* Instructions to follow *
Below are the records; pull every line that includes "imports".

── Material for the task

(* Let $a=\{a_1,\ldots,a_n\}$ be a list of positive integers and for $\epsilon\in\mathbb{R}$ let $$q^h_{a,\epsilon}(x):=\sum_i x_i^4+\Big(\big(\sum_i a_ix_i\big)^2-2\sum_i x_i^2\Big)\Big(\frac1n\sum_i x_i^2\Big)+(n-\epsilon)\Big(\frac1n\sum_i x_i^2\Big)^2 .$$ Then the linear program $\max_{\epsilon\in\mathbb{R}}\{\epsilon : q^h_{a,\epsilon} \text{ is dsos}\}$ is feasible, i.e., there exists $\epsilon\in\mathbb{R}$ such that $q^h_{a,\epsilon}$ is dsos.
   Context: Let $z(x,2)$ be the vector of all monomials of degree exactly $2$ in $x=(x_1,\ldots,x_n)$. A quartic form $p$ is dsos (diagonally-dominant-sum-of-squares) if $p(x)=z(x,2)^TQz(x,2)$ for some symmetric diagonally dominant matrix $Q$, where a symmetric matrix $Q$ is diagonally dominant if $q_{ii}\ge\sum_{j\ne i}|q_{ij}|$ for all $i$. *)

theory Defs
  imports Main Complex_Main
begin

definition deg2_monos :: "nat \<Rightarrow> (nat \<times> nat) set" where
  "deg2_monos n = {(i, j). i \<le> j \<and> j < n}"

definition deg2_mono :: "(nat \<Rightarrow> real) \<Rightarrow> nat \<times> nat \<Rightarrow> real" where
  "deg2_mono x u = x (fst u) * x (snd u)"

definition symmetric_on :: "'b set \<Rightarrow> ('b \<Rightarrow> 'b \<Rightarrow> real) \<Rightarrow> bool" where
  "symmetric_on S Q \<longleftrightarrow> (\<forall>u\<in>S. \<forall>v\<in>S. Q u v = Q v u)"

definition diag_dominant_on :: "'b set \<Rightarrow> ('b \<Rightarrow> 'b \<Rightarrow> real) \<Rightarrow> bool" where
  "diag_dominant_on S Q \<longleftrightarrow> (\<forall>u\<in>S. Q u u \<ge> (\<Sum>v\<in>S - {u}. \<bar>Q u v\<bar>))"

definition dsos :: "nat \<Rightarrow> ((nat \<Rightarrow> real) \<Rightarrow> real) \<Rightarrow> bool" where
  "dsos n p \<longleftrightarrow> (\<exists>Q. symmetric_on (deg2_monos n) Q \<and> diag_dominant_on (deg2_monos n) Q \<and>
     (\<forall>x. p x = (\<Sum>u\<in>deg2_monos n. \<Sum>v\<in>deg2_monos n. deg2_mono x u * Q u v * deg2_mono x v)))"

definition qh :: "nat list \<Rightarrow> real \<Rightarrow> (nat \<Rightarrow> real) \<Rightarrow> real" where
  "qh a eps x = (let n = length a; s2 = (\<Sum>i<n. (x i)^2) / real n in
     (\<Sum>i<n. (x i)^4)
     + ((\<Sum>i<n. real (a ! i) * x i)^2 - 2 * (\<Sum>i<n. (x i)^2)) * s2
     + (real n - eps) * s2^2)"

end

theory Submission
  imports Defs
begin

text \<open>Every term of \<open>q\<^sup>h\<close> except the multiple of \<open>(\<Sum>x\<^sub>i\<^sup>2)\<^sup>2\<close> has an explicit symmetric
  Gram matrix: a diagonal one for \<open>\<Sum>x\<^sub>i\<^sup>4\<close> and a symmetrised rank-two one for the product of
  the quadratic forms \<open>(\<Sum>a\<^sub>ix\<^sub>i)\<^sup>2\<close> and \<open>\<Sum>x\<^sub>i\<^sup>2\<close>. The form \<open>(\<Sum>x\<^sub>i\<^sup>2)\<^sup>2\<close> itself has a diagonal
  Gram matrix with all diagonal entries at least 1, so adding a large enough multiple of it
  makes any Gram matrix diagonally dominant; choosing \<open>\<epsilon>\<close> very negative provides that
  multiple.\<close>

definition gram_form :: "nat \<Rightarrow> (nat \<times> nat \<Rightarrow> nat \<times> nat \<Rightarrow> real) \<Rightarrow> (nat \<Rightarrow> real) \<Rightarrow> real" where
  "gram_form n Q x =
     (\<Sum>u\<in>deg2_monos n. \<Sum>v\<in>deg2_monos n. deg2_mono x u * Q u v * deg2_mono x v)"

definition diag_gram :: "(nat \<times> nat \<Rightarrow> real) \<Rightarrow> nat \<times> nat \<Rightarrow> nat \<times> nat \<Rightarrow> real" where
  "diag_gram d u v = (if v = u then d u else 0)"

definition sym_product_gram ::
    "(nat \<times> nat \<Rightarrow> real) \<Rightarrow> (nat \<times> nat \<Rightarrow> real) \<Rightarrow> nat \<times> nat \<Rightarrow> nat \<times> nat \<Rightarrow> real" where
  "sym_product_gram g h u v = (g u * h v + g v * h u) / 2"

text \<open>Coefficient of the monomial \<open>x\<^sub>ix\<^sub>j\<close> (\<open>i \<le> j\<close>) in \<open>\<Sum>\<^sub>i\<^sub>,\<^sub>j c i j x\<^sub>ix\<^sub>j\<close>.\<close>
definition pair_coeff :: "(nat \<Rightarrow> nat \<Rightarrow> real) \<Rightarrow> nat \<times> nat \<Rightarrow> real" where
  "pair_coeff c u = (if fst u = snd u then c (fst u) (fst u) else c (fst u) (snd u) + c (snd u) (fst u))"

lemma deg2_monos_Suc: "deg2_monos (Suc n) = deg2_monos n \<union> (\<lambda>i. (i, n)) ` {..n}"
  by (auto simp: deg2_monos_def less_Suc_eq)

lemma finite_deg2_monos [simp]: "finite (deg2_monos n)"
proof -
  have "deg2_monos n \<subseteq> {..<n} \<times> {..<n}" by (auto simp: deg2_monos_def)
  then show ?thesis by (rule finite_subset) auto
qed

lemma double_sum_eq_sum_deg2_monos:
  "(\<Sum>i<n. \<Sum>j<n. h i j) = (\<Sum>u\<in>deg2_monos n. pair_coeff h u)"
proof (induction n)
  case 0
  then show ?case by (simp add: deg2_monos_def)
next
  case (Suc n)
  have disjoint: "deg2_monos n \<inter> (\<lambda>i. (i, n)) ` {..n} = {}"
    by (auto simp: deg2_monos_def)
  have "(\<Sum>u\<in>deg2_monos (Suc n). pair_coeff h u)
      = (\<Sum>u\<in>deg2_monos n. pair_coeff h u) + (\<Sum>u\<in>(\<lambda>i. (i, n)) ` {..n}. pair_coeff h u)"
    unfolding deg2_monos_Suc by (rule sum.union_disjoint) (auto simp: disjoint)
  also have "(\<Sum>u\<in>(\<lambda>i. (i, n)) ` {..n}. pair_coeff h u) = (\<Sum>i<Suc n. pair_coeff h (i, n))"
    by (subst sum.reindex) (auto simp: inj_on_def lessThan_Suc_atMost)
  also have "\<dots> = (\<Sum>i<n. h i n + h n i) + h n n"
    by (simp add: pair_coeff_def)
  finally show ?case
    using Suc by (simp add: sum.lessThan_Suc sum.distrib algebra_simps)
qed

lemma quadratic_form_eq_sum_deg2_monos:
  "(\<Sum>i<n. \<Sum>j<n. c i j * x i * x j) = (\<Sum>u\<in>deg2_monos n. pair_coeff c u * deg2_mono x u)"
  by (subst double_sum_eq_sum_deg2_monos, rule sum.cong)
     (auto simp: pair_coeff_def deg2_mono_def algebra_simps)

lemma gram_form_linear:
  "gram_form n (\<lambda>u v. P u v + c * Q u v) x = gram_form n P x + c * gram_form n Q x"
  unfolding gram_form_def by (simp add: algebra_simps sum.distrib sum_distrib_left)

lemma gram_form_diag_gram:
  "gram_form n (diag_gram d) x = (\<Sum>u\<in>deg2_monos n. d u * (deg2_mono x u)\<^sup>2)"
  unfolding gram_form_def
proof (rule sum.cong)
  fix u assume u: "u \<in> deg2_monos n"
  have "(\<Sum>v\<in>deg2_monos n. deg2_mono x u * diag_gram d u v * deg2_mono x v)
      = (\<Sum>v\<in>deg2_monos n. if v = u then deg2_mono x u * d u * deg2_mono x v else 0)"
    by (rule sum.cong) (auto simp: diag_gram_def)
  with u show "(\<Sum>v\<in>deg2_monos n. deg2_mono x u * diag_gram d u v * deg2_mono x v)
      = d u * (deg2_mono x u)\<^sup>2"
    by (simp add: sum.delta' power2_eq_square)
qed simp

lemma gram_form_diag_pair_coeff:
  "gram_form n (diag_gram (pair_coeff c)) x = (\<Sum>i<n. \<Sum>j<n. c i j * (x i * x j)\<^sup>2)"
  unfolding gram_form_diag_gram
  by (subst double_sum_eq_sum_deg2_monos, rule sum.cong)
     (auto simp: pair_coeff_def deg2_mono_def algebra_simps)

lemma gram_form_square_norm:
  "gram_form n (diag_gram (pair_coeff (\<lambda>_ _. 1))) x = (\<Sum>i<n. (x i)\<^sup>2)\<^sup>2"
  unfolding gram_form_diag_pair_coeff
  by (simp add: power2_eq_square[of "sum _ _"] sum_product power_mult_distrib)

lemma gram_form_sym_product_gram:
  "gram_form n (sym_product_gram g h) x
     = (\<Sum>u\<in>deg2_monos n. g u * deg2_mono x u) * (\<Sum>v\<in>deg2_monos n. h v * deg2_mono x v)"
proof -
  let ?M = "deg2_monos n" and ?z = "deg2_mono x"
  have swap: "(\<Sum>u\<in>?M. \<Sum>v\<in>?M. ?z u * (g v * h u) * ?z v) = (\<Sum>u\<in>?M. \<Sum>v\<in>?M. ?z u * (g u * h v) * ?z v)"
    by (rule trans[OF sum.swap]) (simp add: mult_ac)
  have "gram_form n (sym_product_gram g h) x
      = ((\<Sum>u\<in>?M. \<Sum>v\<in>?M. ?z u * (g u * h v) * ?z v) + (\<Sum>u\<in>?M. \<Sum>v\<in>?M. ?z u * (g v * h u) * ?z v)) / 2"
    unfolding gram_form_def sym_product_gram_def
    by (simp add: sum.distrib sum_divide_distrib algebra_simps add_divide_distrib)
  also have "\<dots> = (\<Sum>u\<in>?M. \<Sum>v\<in>?M. ?z u * (g u * h v) * ?z v)"
    using swap by simp
  also have "\<dots> = (\<Sum>u\<in>?M. g u * ?z u) * (\<Sum>v\<in>?M. h v * ?z v)"
    unfolding sum_product by (intro sum.cong refl) (simp add: mult_ac)
  finally show ?thesis .
qed

lemma diag_dominant_on_add_scaled_diag:
  fixes F D :: "'b \<Rightarrow> 'b \<Rightarrow> real"
  assumes "finite S"
    and diag: "\<And>u. u \<in> S \<Longrightarrow> D u u \<ge> 1"
    and off_diag: "\<And>u v. u \<in> S \<Longrightarrow> v \<in> S \<Longrightarrow> u \<noteq> v \<Longrightarrow> D u v = 0"
    and large: "C \<ge> (\<Sum>u\<in>S. \<Sum>v\<in>S. \<bar>F u v\<bar>)"
  shows "diag_dominant_on S (\<lambda>u v. F u v + C * D u v)"
  unfolding diag_dominant_on_def
proof
  fix u assume u: "u \<in> S"
  have "(\<Sum>v\<in>S - {u}. \<bar>F u v + C * D u v\<bar>) = (\<Sum>v\<in>S - {u}. \<bar>F u v\<bar>)"
    using u by (intro sum.cong) (auto simp: off_diag)
  moreover have "\<bar>F u u\<bar> + (\<Sum>v\<in>S - {u}. \<bar>F u v\<bar>) = (\<Sum>v\<in>S. \<bar>F u v\<bar>)"
    using \<open>finite S\<close> u by (rule sum.remove[symmetric])
  moreover have "(\<Sum>v\<in>S. \<bar>F u v\<bar>) \<le> C"
    using \<open>finite S\<close> u large
    by (meson member_le_sum order_trans sum_nonneg abs_ge_zero)
  moreover have "C \<le> C * D u u"
  proof -
    have "0 \<le> C" using large by (meson order_trans sum_nonneg abs_ge_zero)
    then show ?thesis using diag[OF u] by (simp add: mult_le_cancel_left1)
  qed
  ultimately show "(\<Sum>v\<in>S - {u}. \<bar>F u v + C * D u v\<bar>) \<le> F u u + C * D u u"
    by linarith
qed

lemma dsos_add_multiple_square_norm:
  assumes "symmetric_on (deg2_monos n) F"
  shows "\<exists>C. dsos n (\<lambda>x. gram_form n F x + C * (\<Sum>i<n. (x i)\<^sup>2)\<^sup>2)"
proof -
  define D where "D = diag_gram (pair_coeff (\<lambda>_ _. 1))"
  define C where "C = (\<Sum>u\<in>deg2_monos n. \<Sum>v\<in>deg2_monos n. \<bar>F u v\<bar>)"
  have "symmetric_on (deg2_monos n) (\<lambda>u v. F u v + C * D u v)"
    using assms by (simp add: symmetric_on_def D_def diag_gram_def)
  moreover have "diag_dominant_on (deg2_monos n) (\<lambda>u v. F u v + C * D u v)"
    by (rule diag_dominant_on_add_scaled_diag)
       (auto simp: C_def D_def diag_gram_def pair_coeff_def)
  moreover have "gram_form n (\<lambda>u v. F u v + C * D u v) x
      = gram_form n F x + C * (\<Sum>i<n. (x i)\<^sup>2)\<^sup>2" for x
    unfolding gram_form_linear D_def gram_form_square_norm ..
  ultimately show ?thesis
    unfolding dsos_def gram_form_def[symmetric]
    by (intro exI[of _ C] exI[of _ "\<lambda>u v. F u v + C * D u v"]) simp
qed

lemma sum_squares_eq_sum_deg2_monos:
  "(\<Sum>i<n. (x i)\<^sup>2) = (\<Sum>u\<in>deg2_monos n. pair_coeff (\<lambda>i j. if i = j then 1 else 0) u * deg2_mono x u)"
  unfolding quadratic_form_eq_sum_deg2_monos[symmetric]
  by (simp add: power2_eq_square if_distrib if_distribR cong: if_cong)

lemma square_linear_form_eq_sum_deg2_monos:
  "(\<Sum>i<n. c i * x i)\<^sup>2 = (\<Sum>u\<in>deg2_monos n. pair_coeff (\<lambda>i j. c i * c j) u * deg2_mono x u)"
  unfolding quadratic_form_eq_sum_deg2_monos[symmetric]
  by (simp add: power2_eq_square sum_product mult_ac)

lemma gram_form_sum_fourth_powers:
  "gram_form n (diag_gram (pair_coeff (\<lambda>i j. if i = j then 1 else 0))) x = (\<Sum>i<n. (x i)^4)"
  by (simp add: gram_form_diag_pair_coeff if_distrib if_distribR power_mult_distrib
      flip: power_add cong: if_cong)

lemma qh_eq_gram_part_plus_square_norm:
  fixes a :: "nat list"
  defines "n \<equiv> length a"
  shows "qh a (real n - real n ^ 2 * (c + 2 / real n)) x
    = (\<Sum>i<n. (x i)^4) + (\<Sum>i<n. real (a ! i) * x i)\<^sup>2 * (\<Sum>i<n. (x i)\<^sup>2) / real n
      + c * (\<Sum>i<n. (x i)\<^sup>2)\<^sup>2"
proof (cases "n = 0")
  case True
  then show ?thesis by (simp add: qh_def n_def)
next
  case False
  have "P + (L - 2 * S) * (S / real n) + (real n - (real n - real n ^ 2 * (c + 2 / real n))) * (S / real n)\<^sup>2
      = P + L * S / real n + c * S\<^sup>2" for P L S :: real
    using False by (simp add: field_simps power2_eq_square)
  then show ?thesis
    unfolding qh_def Let_def n_def .
qed

theorem theorem5p4:
  fixes a :: "nat list"
  assumes "\<forall>i < length a. a ! i > 0"
  shows "\<exists>eps :: real. dsos (length a) (qh a eps)"
proof -
  define n where "n = length a"
  define S where "S = pair_coeff (\<lambda>i j. if i = j then 1 else 0)"
  define L where "L = pair_coeff (\<lambda>i j. real (a ! i) * real (a ! j))"
  define F where "F = (\<lambda>u v. diag_gram S u v + (1 / real n) * sym_product_gram L S u v)"
  have "symmetric_on (deg2_monos n) F"
    by (simp add: symmetric_on_def F_def diag_gram_def sym_product_gram_def)
  then obtain C where dsos_C: "dsos n (\<lambda>x. gram_form n F x + C * (\<Sum>i<n. (x i)\<^sup>2)\<^sup>2)"
    using dsos_add_multiple_square_norm by blast
  have gram_F: "gram_form n F x
      = (\<Sum>i<n. (x i)^4) + (\<Sum>i<n. real (a ! i) * x i)\<^sup>2 * (\<Sum>i<n. (x i)\<^sup>2) / real n" for x
    unfolding F_def gram_form_linear gram_form_sym_product_gram S_def L_def
      gram_form_sum_fourth_powers sum_squares_eq_sum_deg2_monos square_linear_form_eq_sum_deg2_monos
    by simp
  have "qh a (real n - real n ^ 2 * (C + 2 / real n))
      = (\<lambda>x. gram_form n F x + C * (\<Sum>i<n. (x i)\<^sup>2)\<^sup>2)"
    unfolding gram_F unfolding n_def by (rule ext, rule qh_eq_gram_part_plus_square_norm)
  with dsos_C have "dsos n (qh a (real n - real n ^ 2 * (C + 2 / real n)))"
    by simp
  then show ?thesis
    unfolding n_def ..
qed

end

────

* Completed task *
  imports Main Complex_Main
  imports Defs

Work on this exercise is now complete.